# Azure AI Search LangChain vector code sample

Execution environment used for testing is `python 3.10.0`

### 주의:
`pip install azure-search-documents==11.4.0b8` 버전을 사용해야 합니다. 설치 후 VS code 재실행 해야함.

In [10]:
# pip install -r requirements.txt

## Import required libraries and environment variables

In [1]:
# Import required libraries  
import openai
import os  
from dotenv import load_dotenv
from langchain.embeddings import OpenAIEmbeddings, AzureOpenAIEmbeddings
from langchain.vectorstores.azuresearch import AzureSearch
from azure.search.documents.indexes.models import (
    SemanticSettings,
    SemanticConfiguration,
    PrioritizedFields,
    SemanticField
)


## Configure Azure OpenAI settings

In [2]:
# TODO: change to .env-{myname} and set environment variables.
load_dotenv(override=True, dotenv_path='../.env-leo')

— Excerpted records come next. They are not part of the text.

lemma Zadj_prefix_sum:
  assumes adj: "Zadj n m u v" and "0 < m"
  obtains i j e where "\<bar>e\<bar> \<le> 1"
    and "\<forall>q\<le>m. prefix_sum u q = prefix_sum v q + (if q = i then e else 0) + j * int n"
proof -
  obtain i where im: "i \<le> m" and eqo: "\<forall>j. j \<noteq> i \<and> j \<noteq> i+1 \<longrightarrow> u j = v j"
    and dis: "(coord_eq n m i (u i) (v i + 1) \<and> coord_eq n m (i+1) (u (i+1)) (v (i+1) - 1)) \<or>
         (coord_eq n m i (u i) (v i - 1) \<and> coord_eq n m (i+1) (u (i+1)) (v (i+1) + 1))"
    using adj unfolding Zadj_def by blast
  obtain s :: int where s: "s = 1 \<or> s = -1" and c1: "coord_eq n m i (u i) (v i + s)"
    and c2: "coord_eq n m (i+1) (u (i+1)) (v (i+1) - s)"
    using dis by (metis diff_minus_eq_add uminus_add_conv_diff add_uminus_conv_diff)
  define a where "a = u i - v i"
  define b where "b = u (Suc i) - v (Suc i)"
  have sp: "\<And>q. prefix_sum u q = prefix_sum v q + (if i \<le> q then a else 0) + (if Suc i \<le> q then b else 0)"
    by (rule prefix_sum_two_point) (use eqo a_def b_def in auto)
  show ?thesis
  proof (cases "i = 0")
    case True
    have "int n dvd u 0 - (v 0 + s)"
      using c1 True by (simp add: coord_eq_def mod_eq_dvd_iff)
    then obtain j where j: "a = s + j * int n"
      using True by (auto simp: a_def dvd_def algebra_simps)
    have "b = - s" using c2 True \<open>0 < m\<close> b_def by (simp add: coord_eq_def)
    then show ?thesis
      using that[of s i j] sp True j s by auto
  next
    case False
    have "a = s" using c1 False im a_def by (simp add: coord_eq_def)
    moreover have "Suc i \<le> m \<Longrightarrow> b = - s" using c2 b_def by (simp add: coord_eq_def)
    ultimately show ?thesis
      using that[of s i 0] sp s by auto
  qed
qed

lemma Zadj_prefix_defect_le:
  assumes "Zadj n m u v" and "0 < m"
  obtains k' where "prefix_defect n m u k' \<le> prefix_defect n m v k + 1"
proof -
  obtain i j e where e: "\<bar>e\<bar> \<le> 1"
    and h: "\<forall>q\<le>m. prefix_sum u q = prefix_sum v q + (if q = i then e else 0) + j * int n"
    using Zadj_prefix_sum[OF assms] .
  have "prefix_defect n m u (k + j)
      = (\<Sum>q\<le>m. \<bar>prefix_sum v q - k * int n + (if q = i then e else 0)\<bar>)"
    by (rule prefix_defect_shift[OF h])
  also have "\<dots> \<le> (\<Sum>q\<le>m. \<bar>prefix_sum v q - k * int n\<bar> + (if q = i then \<bar>e\<bar> else 0))"
    by (rule sum_mono) auto
  also have "\<dots> = prefix_defect n m v k + (\<Sum>q\<le>m. if q = i then \<bar>e\<bar> else 0)"
    by (simp add: prefix_defect_def sum.distrib)
  also have "\<dots> \<le> prefix_defect n m v k + 1" using e by (simp add: sum.delta)
  finally show ?thesis by (rule that)
qed

lemma walk_length_ge_prefix_defect:
  assumes "(Zadj n m ^^ j) u (\<lambda>_. 0)" and "0 < m"
  obtains k where "prefix_defect n m u k \<le> int j"
  using assms(1)
proof (induction j arbitrary: u thesis)
  case 0
  then have "prefix_defect n m u 0 = 0" by (simp add: prefix_defect_def prefix_sum_def)
  with 0(1)[of 0] show ?case by simp
next
  case (Suc j)
  from Suc.prems(2) obtain v where uv: "Zadj n m u v" and "(Zadj n m ^^ j) v (\<lambda>_. 0)"
    by (blast elim: relpowp_Suc_E2)
  with Suc.IH obtain k where "prefix_defect n m v k \<le> int j" by blast
  moreover obtain k' where "prefix_defect n m u k' \<le> prefix_defect n m v k + 1"
    using Zadj_prefix_defect_le[OF uv \<open>0 < m\<close>] .
  ultimately show ?case using Suc.prems(1)[of k'] by simp
qed

definition move_vertex :: "nat \<Rightarrow> nat \<Rightarrow> nat \<Rightarrow> int \<Rightarrow> (nat \<Rightarrow> int) \<Rightarrow> nat \<Rightarrow> int" where
  "move_vertex n m p s v = v
     (p := if p = 0 then (v 0 - s) mod int n else v p - s,
      Suc p := if p = m then (v (m+1) + s) mod int n else v (Suc p) + s)"

lemma prefix_sum_move_vertex:
  assumes "p \<le> m"
  obtains j where
    "\<forall>q\<le>m. prefix_sum (move_vertex n m p s v) q = prefix_sum v q + (if q = p then -s else 0) + j * int n"
    and "int n dvd prefix_sum (move_vertex n m p s v) (m+1) - prefix_sum v (m+1)"
proof -
  define w where "w = move_vertex n m p s v"
  obtain j1 where j1: "(v 0 - s) mod int n = v 0 - s + j1 * int n" using mod_eq_add_mult by blast
  obtain j2 where j2: "(v (Suc m) + s) mod int n = v (Suc m) + (s + j2 * int n)"
    using mod_eq_add_mult[of "v (Suc m) + s" n] by (auto simp: add.assoc)
  define j where "j = (if p = 0 then j1 else 0)"
  define b where "b = (if p = m then s + j2 * int n else s)"
  have sp: "\<And>q. prefix_sum w q
      = prefix_sum v q + (if p \<le> q then -s + j * int n else 0) + (if Suc p \<le> q then b else 0)"
    by (rule prefix_sum_two_point) (use j1 j2 in \<open>auto simp: w_def move_vertex_def j_def b_def\<close>)
  have "\<forall>q\<le>m. prefix_sum w q = prefix_sum v q + (if q = p then -s else 0) + j * int n"
    using sp by (auto simp: b_def j_def)
  moreover have "prefix_sum w (m+1) - prefix_sum v (m+1) = (j + (if p = m then j2 else 0)) * int n"
    using sp[of "m+1"] assms by (auto simp: b_def algebra_simps simp del: prefix_sum_Suc split: if_splits)
  ultimately show ?thesis using that unfolding w_def by (metis dvd_triv_right)
qed

lemma Zvert_move_vertex:
  assumes v: "Zvert n m v" and "p \<le> m"
    and c1: "1 \<le> p \<Longrightarrow> v p - s \<in> {-1,0,1}"
    and c2: "Suc p \<le> m \<Longrightarrow> v (Suc p) + s \<in> {-1,0,1}"
  shows "Zvert n m (move_vertex n m p s v)"
proof -
  define w where "w = move_vertex n m p s v"
  have w: "w i = (if i = p then (if p = 0 then (v 0 - s) mod int n else v p - s)
      else if i = Suc p then (if p = m then (v (m+1) + s) mod int n else v (Suc p) + s) else v i)" for i
    by (simp add: w_def move_vertex_def)
  have n: "0 < int n" using v by (auto simp: Zvert_def)
  have "w 0 \<in> {0..<int n}"
    using v n by (cases "p = 0") (simp_all add: w Zvert_def)
  moreover have "w (m+1) \<in> {0..<int n}"
    using v n \<open>p \<le> m\<close> by (cases "p = m") (simp_all add: w Zvert_def)
  moreover have "w i \<in> {-1,0,1}" if "i \<in> {1..m}" for i
  proof -
    consider "i = p" | "i = Suc p" | "i \<noteq> p" "i \<noteq> Suc p" by blast
    then show ?thesis
      using that v c1 c2 by cases (simp_all add: w Zvert_def)
  qed
  moreover have "\<forall>i>m+1. w i = 0"
    using v \<open>p \<le> m\<close> by (simp add: w Zvert_def)
  moreover have "int n dvd prefix_sum w (m+1)"
  proof -
    have "int n dvd prefix_sum w (m+1) - prefix_sum v (m+1)"
      using prefix_sum_move_vertex[OF \<open>p \<le> m\<close>] unfolding w_def by blast
    moreover have "int n dvd prefix_sum v (m+1)" using v by (simp add: Zvert_def prefix_sum_def)
    ultimately show ?thesis using dvd_add by (metis diff_add_cancel)
  qed
  ultimately show ?thesis unfolding w_def[symmetric] Zvert_def prefix_sum_def by blast
qed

openai.api_type: str = "azure"  
openai.api_key = os.getenv("AZURE_OPENAI_API_KEY")  
openai.api_base = os.getenv("AZURE_OPENAI_ENDPOINT")
openai.api_version = os.getenv("AZURE_OPENAI_API_VERSION")  
model: str = os.getenv("AZURE_OPENAI_EMBEDDING_DEPLOYED_MODEL")

print(openai.api_base)
print(openai.api_version)
print(model)

https://prompton52g-aoai-12.openai.azure.com/
2023-10-01-preview
text-embedding-ada-002


## Configure vector store settings

In [6]:
vector_store_address: str = os.getenv("AZURE_SEARCH_SERVICE_ENDPOINT")  
vector_store_password: str = os.getenv("AZURE_SEARCH_ADMIN_KEY") 
index_name: str = os.getenv("AZURE_SEARCH_INDEX_NAME") # .env 환경변수에서 자기만의 인덱스 이름을 설정하세요.

print(vector_store_address)
print(index_name)

https://prompton52g-aisearch-12.search.windows.net
langchain-vector-demo-leo


## Create embeddings and vector store instances
Read your data, generate OpenAI embeddings and export to a format to insert your search index:

In [7]:
# Create an embedding object
embeddings: OpenAIEmbeddings = AzureOpenAIEmbeddings(
    azure_deployment=model, model=model, chunk_size=1, 
    azure_endpoint=openai.api_base,
    api_key=openai.api_key,
    openai_api_type=openai.api_type,
    api_version=openai.api_version,
)

# Create an index in Azure Search
vector_store: AzureSearch = AzureSearch(    
    azure_search_endpoint=vector_store_address,
    azure_search_key=vector_store_password,
    index_name=index_name,
    embedding_function=embeddings.embed_query,
    semantic_configuration_name='config',
        semantic_settings=SemanticSettings(
            default_configuration='config',
            configurations=[
                SemanticConfiguration(
                    name='config',
                    prioritized_fields=PrioritizedFields(
                        title_field=SemanticField(field_name='content'),                        
                        prioritized_content_fields=[SemanticField(field_name='content')],
                        prioritized_keywords_fields=[SemanticField(field_name='metadata')]
                    ))
            ])
    )

## Insert text and embeddings into vector store

From here on, it is the same as the existing LangChain usage method.

In [15]:
from langchain.document_loaders import TextLoader
from langchain.text_splitter import CharacterTextSplitter

loader = TextLoader("../data/sample-data/state_of_the_union.txt", encoding="utf-8")

documents = loader.load()
text_splitter = CharacterTextSplitter(chunk_size=1000, chunk_overlap=0)
docs = text_splitter.split_documents(documents)
docs[0].metadata
# vector_store.add_documents(documents=docs)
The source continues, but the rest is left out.